China’s modern history and its cultural traditions are often evoked to justify the country’s current authoritarian system of government. But Jeffrey Wasserstrom argues that looking back into the past can also be useful in advocating for greater respect for rights and freedoms.

 


 

 

This essay’s main argument is simple: it is useful to accord history a central place in the ongoing debate on human rights in contemporary China.

This proposition may worry some readers. After all, when history is brought into the human rights debate, it has usually been done as part of an effort to deflect criticism away from the current regime. There have been many attempts by apologists and spokesmen for the Chinese Communist Party (CCP) to use historical references to undermine the contentions of foreign critics. Some of these authors have argued that horrible atrocities committed against Chinese people by Japan and Western powers between the first Opium War (1839-1842) and the end of World War II invalidate any criticism such states may have of China’s human rights record. Others have contended that China’s current record must be judged in light of the country’s Confucian historical tradition which stresses the collective good above individual rights. Faced with these two kinds of arguments about the past, many concerned about the human rights situation in China have thought it best to focus exclusively on the present. My claim is that this is a mistake. History can be brought into the human rights discourse as a way to put pressure on, as opposed to provide excuses for, the current regime. This approach, which I call the “a third way,” has already been used by dissidents within China, including the 1989 Tiananmen protesters.

What exactly do I have in mind when I speak of using history in “a third way”? I am thinking of the rhetorical value of taking, as a starting point for discussion, stories that the CCP has utilized to legitimize its rule. These historical tales are based on several inter-related ideas. First, the CCP is morally superior to all previous Chinese ruling groups. Second, the current leadership group is responsible for getting the Revolution back on track after the disasters of the Cultural Revolution era (1966-1976). Third, the movements that the Party sponsored and the ideas that guided it before 1949 were noble and good.

These claims, in turn, open up three potentially effective ways to discredit the current regime. First, one may point out specific ways that CCP policies are similar to or less just than those of ancien r□ime groups (emperors and warlords, foreign imperialists, the Nationalist Party of Chiang Kai-shek) that exerted power over the Chinese people before 1949. Second, an attention to history reveals that the current leadership has, at times, acted in ways reminiscent of the Gang of Four and other cliques during the Cultural Revolution. Third, one may highlight the ways in which the regime has ignored the ideals that motivated and the beliefs expressed by CCP activists of the 1920s-1940s.

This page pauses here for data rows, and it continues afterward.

lemma sesq_form_eq_inner:
  assumes "A \<in> carrier_mat n n" "u \<in> carrier_vec n" "w \<in> carrier_vec n"
  shows "sesq_form n A u w = (A *\<^sub>v w) \<bullet>c u"
proof -
  have "(A *\<^sub>v w) \<bullet>c u = (\<Sum>i<n. (\<Sum>j<n. A $$ (i,j) * w $ j) * cnj (u $ i))"
    using assms by (simp add: scalar_prod_def atLeast0LessThan)
  then show ?thesis
    unfolding sesq_form_def by (simp add: sum_distrib_left sum_distrib_right ac_simps)
qed

lemma psd_iff_inner:
  "psd n A \<longleftrightarrow> A \<in> carrier_mat n n \<and> (\<forall>v \<in> carrier_vec n. 0 \<le> (A *\<^sub>v v) \<bullet>c v)"
  by (auto simp: psd_iff_sesq_form sesq_form_eq_inner)

lemma sesq_form_add_smult:
  assumes "u \<in> carrier_vec n" "w \<in> carrier_vec n"
  shows "sesq_form n A (u + c \<cdot>\<^sub>v w) (u + c \<cdot>\<^sub>v w) = sesq_form n A u u
    + cnj c * c * sesq_form n A w w + c * sesq_form n A u w + cnj c * sesq_form n A w u"
  using assms unfolding sesq_form_def
  by (simp add: algebra_simps sum.distrib sum_distrib_left)

lemma sesq_form_unit_vec:
  assumes "i < n" "j < n"
  shows "sesq_form n A (unit_vec n i) (unit_vec n j) = A $$ (i,j)"
proof -
  have "\<And>x::complex. \<And>P. x * (if P then 1 else 0) = (if P then x else 0)"
    "\<And>x::complex. \<And>P. cnj (if P then 1 else 0) * x = (if P then x else 0)" by simp_all
  with assms show ?thesis unfolding sesq_form_def unit_vec_def by (simp add: sum.delta)
qed

definition hermitian :: "nat \<Rightarrow> complex mat \<Rightarrow> bool" where
  "hermitian n A \<longleftrightarrow> A \<in> carrier_mat n n \<and> (\<forall>i<n. \<forall>j<n. A $$ (j,i) = cnj (A $$ (i,j)))"

lemma hermitianI:
  assumes "A \<in> carrier_mat n n" "\<And>i j. i < n \<Longrightarrow> j < n \<Longrightarrow> A $$ (j,i) = cnj (A $$ (i,j))"
  shows "hermitian n A"
  using assms unfolding hermitian_def by blast

lemma hermitianD:
  assumes "hermitian n A"
  shows "A \<in> carrier_mat n n" "i < n \<Longrightarrow> j < n \<Longrightarrow> A $$ (j,i) = cnj (A $$ (i,j))"
  using assms unfolding hermitian_def by blast+

lemma psd_hermitian:
  assumes "psd n A"
  shows "hermitian n A"
proof (rule hermitianI)
  show "A \<in> carrier_mat n n" using assms psd_iff_sesq_form by blast
  fix i j assume ij: "i < n" "j < n"
  have real: "Im (sesq_form n A v v) = 0" if "v \<in> carrier_vec n" for v
    using assms that unfolding psd_iff_sesq_form less_eq_complex_def by auto
  have form: "sesq_form n A (unit_vec n i + c \<cdot>\<^sub>v unit_vec n j) (unit_vec n i + c \<cdot>\<^sub>v unit_vec n j)
      = A $$ (i,i) + cnj c * c * A $$ (j,j) + c * A $$ (i,j) + cnj c * A $$ (j,i)" for c
    using ij by (simp add: sesq_form_add_smult sesq_form_unit_vec)
  have "Im (A $$ (i,i)) = 0" "Im (A $$ (j,j)) = 0"
    using real[of "unit_vec n i"] real[of "unit_vec n j"] ij by (simp_all add: sesq_form_unit_vec)
  moreover have "Im (A $$ (i,j) + A $$ (j,i)) = 0" "Re (A $$ (i,j) - A $$ (j,i)) = 0"
    using real[of "unit_vec n i + 1 \<cdot>\<^sub>v unit_vec n j"] real[of "unit_vec n i + \<i> \<cdot>\<^sub>v unit_vec n j"]
      form[of 1] form[of \<i>] calculation by simp_all
  ultimately show "A $$ (j,i) = cnj (A $$ (i,j))" by (simp add: complex_eq_iff)
qed

lemma hermitian_diff:
  assumes A: "hermitian n A" and B: "hermitian n B"
  shows "hermitian n (A - B)"
proof (rule hermitianI)
  show "A - B \<in> carrier_mat n n" by (rule minus_carrier_mat[OF hermitianD(1)[OF B]])
  fix i j assume ij: "i < n" "j < n"
  with hermitianD(2)[OF A ij] hermitianD(2)[OF B ij] hermitianD(1)[OF A] hermitianD(1)[OF B]
  show "(A - B) $$ (j,i) = cnj ((A - B) $$ (i,j))" by simp
qed

lemma hermitian_uminus:
  assumes A: "hermitian n A"
  shows "hermitian n (- A)"
proof (rule hermitianI)
  show "- A \<in> carrier_mat n n" using hermitianD(1)[OF A] by simp
  fix i j assume ij: "i < n" "j < n"
  with hermitianD(2)[OF A ij] hermitianD(1)[OF A]
  show "(- A) $$ (j,i) = cnj ((- A) $$ (i,j))" by simp
qed

lemma hermitian_smult_real:
  assumes A: "hermitian n A"
  shows "hermitian n (complex_of_real c \<cdot>\<^sub>m A)"
proof (rule hermitianI)
  show "complex_of_real c \<cdot>\<^sub>m A \<in> carrier_mat n n" using hermitianD(1)[OF A] by simp
  fix i j assume ij: "i < n" "j < n"
  with hermitianD(2)[OF A ij] hermitianD(1)[OF A]
  show "(complex_of_real c \<cdot>\<^sub>m A) $$ (j,i) = cnj ((complex_of_real c \<cdot>\<^sub>m A) $$ (i,j))" by simp
qed

lemma hermitian_adj:
  assumes A: "hermitian n A"
  shows "adj A = A"
proof (rule eq_matI)
  fix i j assume "i < dim_row A" "j < dim_col A"
  then have ij: "j < n" "i < n" using hermitianD(1)[OF A] by auto
  with hermitianD(2)[OF A ij] hermitianD(1)[OF A] show "adj A $$ (i,j) = A $$ (i,j)"
    unfolding adj_def by simp
qed (use hermitianD(1)[OF A] in \<open>simp_all add: adj_def\<close>)

lemma hermitian_sesq_form_swap:
  assumes "hermitian n A"
  shows "sesq_form n A w u = cnj (sesq_form n A u w)"
proof -
  have "cnj (sesq_form n A u w) = (\<Sum>i<n. \<Sum>j<n. u $ i * A $$ (j,i) * cnj (w $ j))"
    unfolding sesq_form_def cnj_sum
  proof (intro sum.cong refl)
    fix i j assume "i \<in> {..<n}" "j \<in> {..<n}"
    with hermitianD(2)[OF assms, of i j]
    show "cnj (cnj (u $ i) * A $$ (i,j) * w $ j) = u $ i * A $$ (j,i) * cnj (w $ j)" by simp
  qed
  also have "\<dots> = sesq_form n A w u"
    unfolding sesq_form_def by (subst sum.swap) (simp add: ac_simps)
  finally show ?thesis by simp
qed

lemma hermitian_inner_swap:
  assumes "hermitian n A" "u \<in> carrier_vec n" "w \<in> carrier_vec n"
  shows "(A *\<^sub>v u) \<bullet>c w = u \<bullet>c (A *\<^sub>v w)"
proof -
  have A: "A \<in> carrier_mat n n" using hermitianD(1)[OF assms(1)] .
  have "(A *\<^sub>v u) \<bullet>c w = sesq_form n A w u" using sesq_form_eq_inner[OF A assms(3,2)] by simp
  also have "\<dots> = cnj (sesq_form n A u w)" by (rule hermitian_sesq_form_swap[OF assms(1)])
  also have "sesq_form n A u w = conjugate u \<bullet> (A *\<^sub>v w)"
    using sesq_form_eq_inner[OF A assms(2,3)] conjugate_vec_sprod_comm[of "A *\<^sub>v w" n u] A assms
    by simp
  also have "cnj (conjugate u \<bullet> (A *\<^sub>v w)) = u \<bullet>c (A *\<^sub>v w)"
    using conjugate_conjugate_sprod[of u n "A *\<^sub>v w"] A assms by simp
  finally show ?thesis .
qed

lemma psd_smult:
  assumes A: "psd n A" and c: "0 \<le> c"
  shows "psd n (complex_of_real c \<cdot>\<^sub>m A)"
  unfolding psd_iff_sesq_form
proof (intro conjI ballI)
  have Ac: "A \<in> carrier_mat n n" using A psd_iff_sesq_form by auto
  then show "complex_of_real c \<cdot>\<^sub>m A \<in> carrier_mat n n" by simp
  fix v :: "complex vec" assume v: "v \<in> carrier_vec n"
  have "sesq_form n (complex_of_real c \<cdot>\<^sub>m A) v v
      = (\<Sum>i<n. \<Sum>j<n. complex_of_real c * (cnj (v $ i) * A $$ (i,j) * v $ j))"
    using Ac unfolding sesq_form_def by (intro sum.cong refl) simp
  then have "sesq_form n (complex_of_real c \<cdot>\<^sub>m A) v v = complex_of_real c * sesq_form n A v v"
    by (simp add: sesq_form_def sum_distrib_left)
  moreover have "0 \<le> complex_of_real c" using c by (simp add: less_eq_complex_def)
  ultimately show "0 \<le> sesq_form n (complex_of_real c \<cdot>\<^sub>m A) v v"
    using A v unfolding psd_iff_sesq_form by (simp add: mult_nonneg_nonneg)
qed

lemma psd_one_mat: "psd n (1\<^sub>m n)"
  unfolding psd_iff_inner by auto

lemma psd_zero_mat: "psd n (0\<^sub>m n n)"
  unfolding psd_iff_sesq_form sesq_form_def by simp

lemma psd_principal_submatrix:
  assumes X: "psd n X" and inj: "inj_on f {..<m}" and range: "f ` {..<m} \<subseteq> {..<n}"
  shows "psd m (mat m m (\<lambda>(i,j). X $$ (f i, f j)))"
  unfolding psd_iff_sesq_form
proof (intro conjI ballI)
  show "mat m m (\<lambda>(i,j). X $$ (f i, f j)) \<in> carrier_mat m m" by simp
  fix w :: "complex vec" assume w: "w \<in> carrier_vec m"
  define v where "v = vec n (\<lambda>i. if i \<in> f ` {..<m} then w $ the_inv_into {..<m} f i else 0)"
  have v_f: "v $ f a = w $ a" if "a < m" for a
    using that range inj unfolding v_def by (auto simp: the_inv_into_f_f)
  have restrict: "(\<Sum>i<n. g i) = (\<Sum>a<m. g (f a))"
    if "\<And>i. i < n \<Longrightarrow> i \<notin> f ` {..<m} \<Longrightarrow> g i = 0" for g :: "nat \<Rightarrow> complex"
  proof -
    have "(\<Sum>i<n. g i) = (\<Sum>i\<in>f ` {..<m}. g i)"
      using that range by (intro sum.mono_neutral_right) auto
    also have "\<dots> = (\<Sum>a<m. g (f a))" by (simp add: sum.reindex[OF inj])
    finally show ?thesis .
  qed
  have v_out: "v $ i = 0" if "i < n" "i \<notin> f ` {..<m}" for i
    using that unfolding v_def by simp
  have "sesq_form n X v v = (\<Sum>a<m. \<Sum>b<m. cnj (v $ f a) * X $$ (f a, f b) * v $ f b)"
    unfolding sesq_form_def by (subst restrict, simp add: v_out)+ (rule refl)
  also have "\<dots> = sesq_form m (mat m m (\<lambda>(i,j). X $$ (f i, f j))) w w"
    unfolding sesq_form_def by (intro sum.cong refl) (simp add: v_f)
  finally have "sesq_form n X v v = sesq_form m (mat m m (\<lambda>(i,j). X $$ (f i, f j))) w w" .
  moreover have "v \<in> carrier_vec n" unfolding v_def by simp
  ultimately show "0 \<le> sesq_form m (mat m m (\<lambda>(i,j). X $$ (f i, f j))) w w"
    using X unfolding psd_iff_sesq_form by metis
qed

lemma psd_sum_mat:
  assumes "\<And>k. k \<in> K \<Longrightarrow> psd n (A k)"
  shows "psd n (mat n n (\<lambda>ij. \<Sum>k\<in>K. A k $$ ij))"
  unfolding psd_iff_sesq_form
proof (intro conjI ballI)
  show "mat n n (\<lambda>ij. \<Sum>k\<in>K. A k $$ ij) \<in> carrier_mat n n" by simp
  fix v :: "complex vec" assume v: "v \<in> carrier_vec n"
  have "sesq_form n (mat n n (\<lambda>ij. \<Sum>k\<in>K. A k $$ ij)) v v = (\<Sum>k\<in>K. sesq_form n (A k) v v)"
    unfolding sesq_form_def
    by (simp add: sum_distrib_left sum_distrib_right sum.swap[of _ K])
  also have "0 \<le> \<dots>" using assms v unfolding psd_iff_sesq_form by (simp add: sum_nonneg)
  finally show "0 \<le> sesq_form n (mat n n (\<lambda>ij. \<Sum>k\<in>K. A k $$ ij)) v v" .
qed

section \<open>Uniqueness of positive semidefinite square roots\<close>

lemma mult_mat_vec_diff_eigenvector:
  fixes B C :: "'a :: comm_ring mat"
  assumes "B \<in> carrier_mat n n" "C \<in> carrier_mat n n" "x \<in> carrier_vec n"
    and "(B - C) *\<^sub>v x = \<mu> \<cdot>\<^sub>v x"
  shows "B *\<^sub>v x = C *\<^sub>v x + \<mu> \<cdot>\<^sub>v x"
proof (rule eq_vecI)
  fix i assume "i < dim_vec (C *\<^sub>v x + \<mu> \<cdot>\<^sub>v x)"
  then show "(B *\<^sub>v x) $ i = (C *\<^sub>v x + \<mu> \<cdot>\<^sub>v x) $ i"
    using arg_cong[OF assms(4), of "\<lambda>v. v $ i"] assms(1-3)
    by (simp add: minus_mult_distrib_mat_vec[OF assms(1-3)] algebra_simps)
qed (use assms in simp)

Consider how the response to the 1989 crackdown in Tiananmen Square might have been different if the above approach had been taken. When Chinese officials issued statements denouncing student protesters as trouble-makers influenced by foreign ideas, international leaders might have pointed out that this rhetoric was similarly used by the Nationalists in the 1940s to discredit CCP-supported protests against corruption. When students and workers in Beijing were killed by automatic weapon fire that June, the world might have compared these actions to those employed by foreign-led police forces in 1925 to quell anti-imperialist protests. We might also have reminded the Beijing regime, when its spokesmen said that force was sometimes needed to maintain stability, that the Warlords had said much the same thing when they used violence against unarmed protesters in 1926.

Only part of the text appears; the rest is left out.